CNH Industrial is a global leader in industrial goods. We provide farmers with cutting-edge technologies to help them feed a growing world population and we assist in building and rebuilding cities and infrastructures, all with future-proof powertrain solutions. With our Case IH, New Holland Agriculture, Case and New Holland Construction, and FPT Industrial brands, and comprehensive solutions for financing and aftermarket services, we're driven to meet the needs of our customers.
As Credit Risk Data Scientist, you will join our Global Risk team in CNH Industrial Financial Services. As a member of our global team, you will be involved with projects of other regions, supporting data science standards, ad hoc and periodical risk-centric projects with focus on preparing, managing, and analyzing multiple data sets, applying machine learning algorithms to create credit risk models, as well as following established policies and procedures for developing and distributing standard reports. This team member will collaborate with other risk team members and stakeholders from across the organization to initiate and implement creative business solutions which meet business needs. To be successful in this role, you must have very strong quantitative, logical, analytical and problem-solving skills, being able to work with little supervision in a fast-paced environment, and to handle multiple projects simultaneously.
This position follows a HYBRID work model from our Racine, WI office
The annual salary range is $85,000.00 - $115,000.00
- Apply Machine Learning (ML) techniques on big data to d evelop, refine and implement retail/commercial lending models as well as associated alignments and cutoffs for all regions. Models included but not limited to: origination, behavior, collection, financial, bureaus, delinquency, fraud, losses and auto-approval
- Work with IT to create/improve and keep structured data, p erform data maintenance and management on daily basis, and consult on best practices for data retention
- Work to strengthen/increase partnership with external data suppliers worldwide, expanding our options to improve our models prediction power
- Assess tools/data purchased to support risk management plus tools used by outside vendors or partners
- Perform ad hoc analyses of business situations, systems, issues and problems as well as research and test new technologies for risk mitigation
- Provide and present the results of analyses in the form of graphs, charts, and tables, in high quality fashion and acceptable format, for management, peer and audit reviews
- Document and maintain all procedures and models steps
- Validation and monitoring of risk tools and their application in underwriting, collection or other user areas
- Bachelors degree in a quantitative discipline or related field (e.g. Analytics, Data Science, Statistics, Mathematics, Economics, Finance, Engineering, etc.)
- 2+ years of experience creating/applying advanced algorithms and/or statistical models such as (machine learning techniques, Logistic regression, hazard rate, time series, Simulation, etc.)
US applicants: CNH Industrial is an equal opportunity employer. This company considers candidates regardless of race, color, religion, sex, sexual orientation, gender identity, national origin, disability, or veteran status. Applicants can learn more about their rights by viewing the federal "EEO is the Law" poster and its supplement here
. CNH Industrial participates in E-Verify and will provide the federal government with your Form I-9 information to confirm that you are authorized to work in the U.S. You can view additional information here.

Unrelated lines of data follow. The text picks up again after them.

definition mid :: "('b \<times> 'c \<Rightarrow> 'b2 \<times> 'c2 \<Rightarrow> complex)
    \<Rightarrow> (('a \<times> 'b) \<times> ('c \<times> 'd) \<Rightarrow> complex) \<Rightarrow> (('a \<times> 'b2) \<times> ('c2 \<times> 'd) \<Rightarrow> complex)" where
  "mid F v = lapp r4_inv (lapp (ltens lid (ltens F lid)) (lapp r4 v))"

text \<open>Braided *-coalgebra: comultiplication D, counit e, braiding B, antilinear involution S.\<close>
definition braided_star_coalgebra ::
  "('i \<Rightarrow> 'i \<times> 'i \<Rightarrow> complex) \<Rightarrow> ('i \<Rightarrow> complex) \<Rightarrow> ('i \<times> 'i \<Rightarrow> 'i \<times> 'i \<Rightarrow> complex)
     \<Rightarrow> ('i \<Rightarrow> 'i \<Rightarrow> complex) \<Rightarrow> bool" where
  "braided_star_coalgebra D e B S \<longleftrightarrow>
     lmap D \<and> lmap B \<and> lmap S \<and>
     \<comment> \<open>coassociativity\<close>
     (\<forall>v. fsupp v \<longrightarrow> lapp asc (lapp (ltens D lid) (lapp D v)) = lapp (ltens lid D) (lapp D v)) \<and>
     \<comment> \<open>counitality\<close>
     (\<forall>v. fsupp v \<longrightarrow> lapp lunit (lapp (ltens (lfun e) lid) (lapp D v)) = v) \<and>
     (\<forall>v. fsupp v \<longrightarrow> lapp runit (lapp (ltens lid (lfun e)) (lapp D v)) = v) \<and>
     \<comment> \<open>braid equation\<close>
     (\<forall>v. fsupp v \<longrightarrow> on12 B (on23 B (on12 B v)) = on23 B (on12 B (on23 B v))) \<and>
     \<comment> \<open>compatibility of the braiding with comultiplication and counit\<close>
     (\<forall>v. fsupp v \<longrightarrow> lapp asc (lapp (ltens D lid) (lapp B v))
                      = on23 B (on12 B (lapp (ltens lid D) v))) \<and>
     (\<forall>v. fsupp v \<longrightarrow> lapp (ltens lid D) (lapp B v)
                      = on12 B (on23 B (lapp asc (lapp (ltens D lid) v)))) \<and>
     (\<forall>v. fsupp v \<longrightarrow> lapp lunit (lapp (ltens (lfun e) lid) (lapp B v))
                      = lapp runit (lapp (ltens lid (lfun e)) v)) \<and>
     (\<forall>v. fsupp v \<longrightarrow> lapp runit (lapp (ltens lid (lfun e)) (lapp B v))
                      = lapp lunit (lapp (ltens (lfun e) lid) v)) \<and>
     \<comment> \<open>S is an antilinear involution\<close>
     (\<forall>v. fsupp v \<longrightarrow> aapp S (aapp S v) = v) \<and>
     \<comment> \<open>compatibility of * with comultiplication and counit\<close>
     (\<forall>v. fsupp v \<longrightarrow> lapp D (aapp S v) = lapp B (aapp (ltens S S) (lapp tau (lapp D v)))) \<and>
     (\<forall>v. fsupp v \<longrightarrow> fval e (aapp S v) = cnj (fval e v)) \<and>
     \<comment> \<open>B is invertible, and compatibility of * with the braiding\<close>
     (\<exists>Binv. lmap Binv \<and>
        (\<forall>v. fsupp v \<longrightarrow> lapp Binv (lapp B v) = v) \<and>
        (\<forall>v. fsupp v \<longrightarrow> lapp B (lapp Binv v) = v) \<and>
        (\<forall>v. fsupp v \<longrightarrow> lapp B (aapp (ltens S S) (lapp tau v))
                         = aapp (ltens S S) (lapp tau (lapp Binv v))))"

text \<open>beta-invariance of a functional M on C\<otimes>C:
  (M \<otimes> id)(id \<otimes> \<beta>)(\<beta> \<otimes> id) = id \<otimes> M on C\<otimes>C\<otimes>C (both sides valued in C).\<close>
definition beta_invariant :: "('i \<times> 'i \<Rightarrow> 'i \<times> 'i \<Rightarrow> complex) \<Rightarrow> ('i \<times> 'i \<Rightarrow> complex) \<Rightarrow> bool" where
  "beta_invariant B M \<longleftrightarrow>
     (\<forall>v. fsupp v \<longrightarrow>
        lapp lunit (lapp (ltens (lfun M) lid) (lapp asc_inv (on23 B (on12 B v))))
        = lapp runit (lapp (ltens lid (lfun M)) v))"

text \<open>\<Lambda> = (id \<otimes> \<beta> \<otimes> id)(\<Delta> \<otimes> \<Delta>) and M \<star> K = (M \<otimes> K) \<circ> \<Lambda> (values on basis of C\<otimes>C)\<close>
definition Lam :: "('i \<Rightarrow> 'i \<times> 'i \<Rightarrow> complex) \<Rightarrow> ('i \<times> 'i \<Rightarrow> 'i \<times> 'i \<Rightarrow> complex)
    \<Rightarrow> ('i \<times> 'i \<Rightarrow> complex) \<Rightarrow> (('i \<times> 'i) \<times> ('i \<times> 'i) \<Rightarrow> complex)" where
  "Lam D B v = mid B (lapp (ltens D D) v)"

definition star_prod :: "('i \<Rightarrow> 'i \<times> 'i \<Rightarrow> complex) \<Rightarrow> ('i \<times> 'i \<Rightarrow> 'i \<times> 'i \<Rightarrow> complex)
    \<Rightarrow> ('i \<times> 'i \<Rightarrow> complex) \<Rightarrow> ('i \<times> 'i \<Rightarrow> complex) \<Rightarrow> ('i \<times> 'i \<Rightarrow> complex)" where
  "star_prod D B M K = (\<lambda>kb. fval (ftens M K) (Lam D B (bvec kb)))"

text \<open>tilde K: the sesquilinear form with \<bar>a \<otimes> b \<mapsto> K(a^* \<otimes> b), given by its values on the
  basis (conj e_a) \<otimes> e_b of conj(C) \<otimes> C\<close>
definition tilde :: "('i \<Rightarrow> 'i \<Rightarrow> complex) \<Rightarrow> ('i \<times> 'i \<Rightarrow> complex) \<Rightarrow> ('i \<times> 'i \<Rightarrow> complex)" where
  "tilde S K = (\<lambda>ab. fval K (vtens (aapp S (bvec (fst ab))) (bvec (snd ab))))"

text \<open>matrix of conj(\<Delta>) : conj(C) \<rightarrow> conj(C) \<otimes> conj(C) w.r.t. the conjugated bases\<close>
definition cbar :: "('k \<Rightarrow> 'l \<Rightarrow> complex) \<Rightarrow> 'k \<Rightarrow> 'l \<Rightarrow> complex" where
  "cbar F = (\<lambda>k l. cnj (F k l))"

text \<open>P \<circledast> Q = (P \<otimes> Q) \<circ> (id \<otimes> \<tau> \<otimes> id) \<circ> (conj \<Delta> \<otimes> \<Delta>)\<close>
definition sconv :: "('i \<Rightarrow> 'i \<times> 'i \<Rightarrow> complex) \<Rightarrow> ('i \<times> 'i \<Rightarrow> complex) \<Rightarrow> ('i \<times> 'i \<Rightarrow> complex)
    \<Rightarrow> ('i \<times> 'i \<Rightarrow> complex)" where
  "sconv D P Q = (\<lambda>ab. fval (ftens P Q) (mid tau (lapp (ltens (cbar D) D) (bvec ab))))"

end

theory Submission
  imports Defs
begin

(* Write \<Delta>(c) = c1 \<otimes> c2 and c' for the involution applied to c.  By the
   *-compatibility of \<Delta> we have \<Delta>(a') = \<beta>(a2' \<otimes> a1'), hence
     (M \<star> K)(a' \<otimes> b) = (M \<otimes> K)((id \<otimes> \<beta> \<otimes> id)(\<beta>(a2' \<otimes> a1') \<otimes> b1 \<otimes> b2)).
   The two braidings together with the first slot of M form exactly the left-hand side of
   the \<beta>-invariance identity (M \<otimes> id)(id \<otimes> \<beta>)(\<beta> \<otimes> id) = id \<otimes> M, so the expression
   collapses to M(a1' \<otimes> b1) K(a2' \<otimes> b2), which is the convolution of the tilde forms
   evaluated at conj(a) \<otimes> b. *)

abbreviation supp :: "('k \<Rightarrow> complex) \<Rightarrow> 'k set" where
  "supp v \<equiv> {k. v k \<noteq> 0}"

lemma supp_bvec [simp]: "supp (bvec k) = {k}" by (auto simp: bvec_def)
lemma fsupp_bvec [simp]: "fsupp (bvec k)" by (simp add: fsupp_def)
lemma fval_bvec [simp]: "fval N (bvec k) = N k" by (simp add: fval_def bvec_def)
lemma lapp_bvec [simp]: "lapp F (bvec k) = F k" by (simp add: lapp_def bvec_def)
lemma aapp_bvec [simp]: "aapp F (bvec k) = F k" by (simp add: aapp_def bvec_def)
lemma fsupp_unit [simp]: "fsupp (v :: unit \<Rightarrow> complex)" by (simp add: fsupp_def)
lemma fsupp_cnj [simp]: "fsupp (\<lambda>k. cnj (v k)) = fsupp v" by (simp add: fsupp_def)
lemma lmap_fsupp [simp]: "lmap F \<Longrightarrow> fsupp (F k)" by (simp add: lmap_def)
lemma lmap_lbasis [simp]: "lmap (lbasis f)" by (simp add: lmap_def lbasis_def)
lemma lmap_lid [simp]: "lmap lid" by (simp add: lid_def)
lemma lmap_lfun [simp]: "lmap (lfun M)" by (simp add: lmap_def)

lemma aapp_lapp: "aapp A v = lapp A (\<lambda>k. cnj (v k))"
  by (simp add: aapp_def lapp_def)

lemma ltens_apply: "ltens F G k = vtens (F (fst k)) (G (snd k))"
  by (simp add: ltens_def vtens_def)
lemma lbasis_apply: "lbasis f k = bvec (f k)" by (simp add: lbasis_def)
lemma lid_apply: "lid k = bvec k" by (simp add: lid_def lbasis_def)
lemma lfun_apply: "lfun M k = (\<lambda>_. M k)" by (simp add: lfun_def)

lemma fval_superset:
  assumes "finite A" "supp v \<subseteq> A"
  shows "fval N v = (\<Sum>k\<in>A. v k * N k)"
  unfolding fval_def by (rule sum.mono_neutral_left) (use assms in auto)

lemma fval_unit: "fval N (v :: unit \<Rightarrow> complex) = v () * N ()"
  by (subst fval_superset[of "{()}"]) auto

lemma supp_lapp_subset: "supp (lapp F v) \<subseteq> (\<Union>k\<in>supp v. supp (F k))"
proof
  fix l assume "l \<in> supp (lapp F v)"
  then have "(\<Sum>k\<in>supp v. v k * F k l) \<noteq> 0" by (simp add: lapp_def)
  then obtain k where "k \<in> supp v" "v k * F k l \<noteq> 0" by (meson sum.neutral)
  then show "l \<in> (\<Union>k\<in>supp v. supp (F k))" by auto
qed

lemma finite_column_union:
  "lmap F \<Longrightarrow> fsupp v \<Longrightarrow> finite (\<Union>k\<in>supp v. supp (F k))"
  by (auto simp: lmap_def fsupp_def)

lemma fsupp_lapp [simp]: "lmap F \<Longrightarrow> fsupp v \<Longrightarrow> fsupp (lapp F v)"
  unfolding fsupp_def by (rule finite_subset[OF supp_lapp_subset finite_column_union])
    (simp_all add: fsupp_def)

lemma fval_lapp:
  assumes F: "lmap F" and v: "fsupp v"
  shows "fval N (lapp F v) = fval (\<lambda>k. fval N (F k)) v"
proof -
  define C where "C = (\<Union>k\<in>supp v. supp (F k))"
  have fC: "finite C" using finite_column_union[OF F v] by (simp add: C_def)
  have fA: "finite (supp v)" using v by (simp add: fsupp_def)
  have "fval N (lapp F v) = (\<Sum>l\<in>C. (\<Sum>k\<in>supp v. v k * F k l) * N l)"
    using fval_superset[OF fC supp_lapp_subset[of F v, folded C_def]] by (simp add: lapp_def)
  also have "\<dots> = (\<Sum>k\<in>supp v. v k * (\<Sum>l\<in>C. F k l * N l))"
    by (simp add: sum_distrib_left sum_distrib_right mult.assoc sum.swap[of _ C])
  also have "\<dots> = (\<Sum>k\<in>supp v. v k * fval N (F k))"
  proof (rule sum.cong[OF refl])
    fix k assume "k \<in> supp v"
    then have "supp (F k) \<subseteq> C" by (auto simp: C_def)
    then show "v k * (\<Sum>l\<in>C. F k l * N l) = v k * fval N (F k)"
      by (simp add: fval_superset[OF fC])
  qed
  finally show ?thesis by (simp add: fval_def)
qed

lemma supp_vtens: "supp (vtens u w) = supp u \<times> supp w"
  by (auto simp: vtens_def)

lemma fsupp_vtens [simp]: "fsupp u \<Longrightarrow> fsupp w \<Longrightarrow> fsupp (vtens u w)"
  by (simp add: fsupp_def supp_vtens)

lemma fval_vtens:
  "fval N (vtens u w) = fval (\<lambda>x. fval (\<lambda>y. N (x, y)) w) u"
proof -
  have "fval N (vtens u w) = (\<Sum>x\<in>supp u. \<Sum>y\<in>supp w. u x * (w y * N (x, y)))"
    unfolding fval_def supp_vtens
    by (simp add: sum.cartesian_product vtens_def mult.assoc split_beta)
  then show ?thesis by (simp add: fval_def sum_distrib_left)
qed

lemma lmap_ltens [simp]: "lmap F \<Longrightarrow> lmap G \<Longrightarrow> lmap (ltens F G)"
  by (simp add: lmap_def ltens_apply)

lemma lapp_ltens_vtens:
  "lapp (ltens F G) (vtens u w) = vtens (lapp F u) (lapp G w)"
proof
  fix l
  have "lapp (ltens F G) (vtens u w) l
      = (\<Sum>x\<in>supp u. \<Sum>y\<in>supp w. (u x * F x (fst l)) * (w y * G y (snd l)))"
    unfolding lapp_def supp_vtens
    by (simp add: sum.cartesian_product vtens_def ltens_def mult_ac split_beta)
  then show "lapp (ltens F G) (vtens u w) l = vtens (lapp F u) (lapp G w) l"
    by (simp add: vtens_def lapp_def sum_product)
qed

lemma fval_swap:
  "fval (\<lambda>x. fval (\<lambda>y. X x y) w) v = fval (\<lambda>y. fval (\<lambda>x. X x y) v) w"
  unfolding fval_def by (simp add: sum_distrib_left mult.left_commute sum.swap[of _ "supp w"])

lemma fval_mult: "fval f u * fval g w = fval (\<lambda>q. fval (\<lambda>p. f q * g p) w) u"
  unfolding fval_def by (simp add: sum_product mult_ac sum_distrib_left) (rule sum.swap)

lemma lapp_lbasis_bij:
  assumes "fsupp v" "\<And>x. g (f x) = x" "\<And>y. f (g y) = y"
  shows "lapp (lbasis f) v = (\<lambda>l. v (g l))"
proof
  fix l
  have "lapp (lbasis f) v l = (\<Sum>k\<in>supp v. if k = g l then v k else 0)"
    unfolding lapp_def lbasis_def bvec_def by (rule sum.cong) (use assms in auto)
  then show "lapp (lbasis f) v l = v (g l)"
    using assms(1) by (simp add: fsupp_def)
qed

lemma lapp_lid: "fsupp v \<Longrightarrow> lapp lid v = v"
  unfolding lid_def by (subst lapp_lbasis_bij[of _ id id]) auto

lemma lapp_tau: "fsupp v \<Longrightarrow> lapp tau v = (\<lambda>l. v (snd l, fst l))"
  unfolding tau_def by (rule lapp_lbasis_bij) auto

lemmas basis_simps = lbasis_apply lid_apply ltens_apply lfun_apply fval_unit

lemma fval_ftens_mid:
  assumes "lmap F" "fsupp v"
  shows "fval (ftens M K) (mid F v) =
    fval (\<lambda>x. fval (\<lambda>y. M (fst (fst x), fst y) * K (snd y, snd (snd x)))
                    (F (snd (fst x), fst (snd x)))) v"
  unfolding mid_def r4_def r4_inv_def
  using assms by (simp add: fval_lapp fval_vtens basis_simps split_beta ftens_def)

(* The functional contracting (M \<star> K) after \<Delta> \<otimes> \<Delta>: first slot of M and last slot of K see
   the outer legs, the braiding mixes the inner legs. *)
definition star_integrand ::
  "('i \<times> 'i \<Rightarrow> 'i \<times> 'i \<Rightarrow> complex) \<Rightarrow> ('i \<times> 'i \<Rightarrow> complex) \<Rightarrow> ('i \<times> 'i \<Rightarrow> complex)
     \<Rightarrow> ('i \<times> 'i) \<times> ('i \<times> 'i) \<Rightarrow> complex" where
  "star_integrand B M K = (\<lambda>x. fval (\<lambda>y. M (fst (fst x), fst y) * K (snd y, snd (snd x)))
                                       (B (snd (fst x), fst (snd x))))"

lemma star_prod_expand:
  assumes "lmap D" "lmap B"
  shows "star_prod D B M K = (\<lambda>kb. fval (star_integrand B M K) (ltens D D kb))"
  using assms by (simp add: star_prod_def Lam_def fval_ftens_mid star_integrand_def)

If you need reasonable accommodation with the application process, please call 1-800-889-4422 option 1 and then option 5, or contact us at firstname.lastname@example.org.
Read about our company's commitment to pay transparency by clicking this link: pay transparency notice
Canada applicants: CNH Industrial is an equal opportunity employer. This company considers candidates regardless of race, colour, religion, sex, sexual orientation, gender identity, nationality, place of origin, disability, marital status, family status, age, or any other ground prohibited by applicable provincial human rights legislation.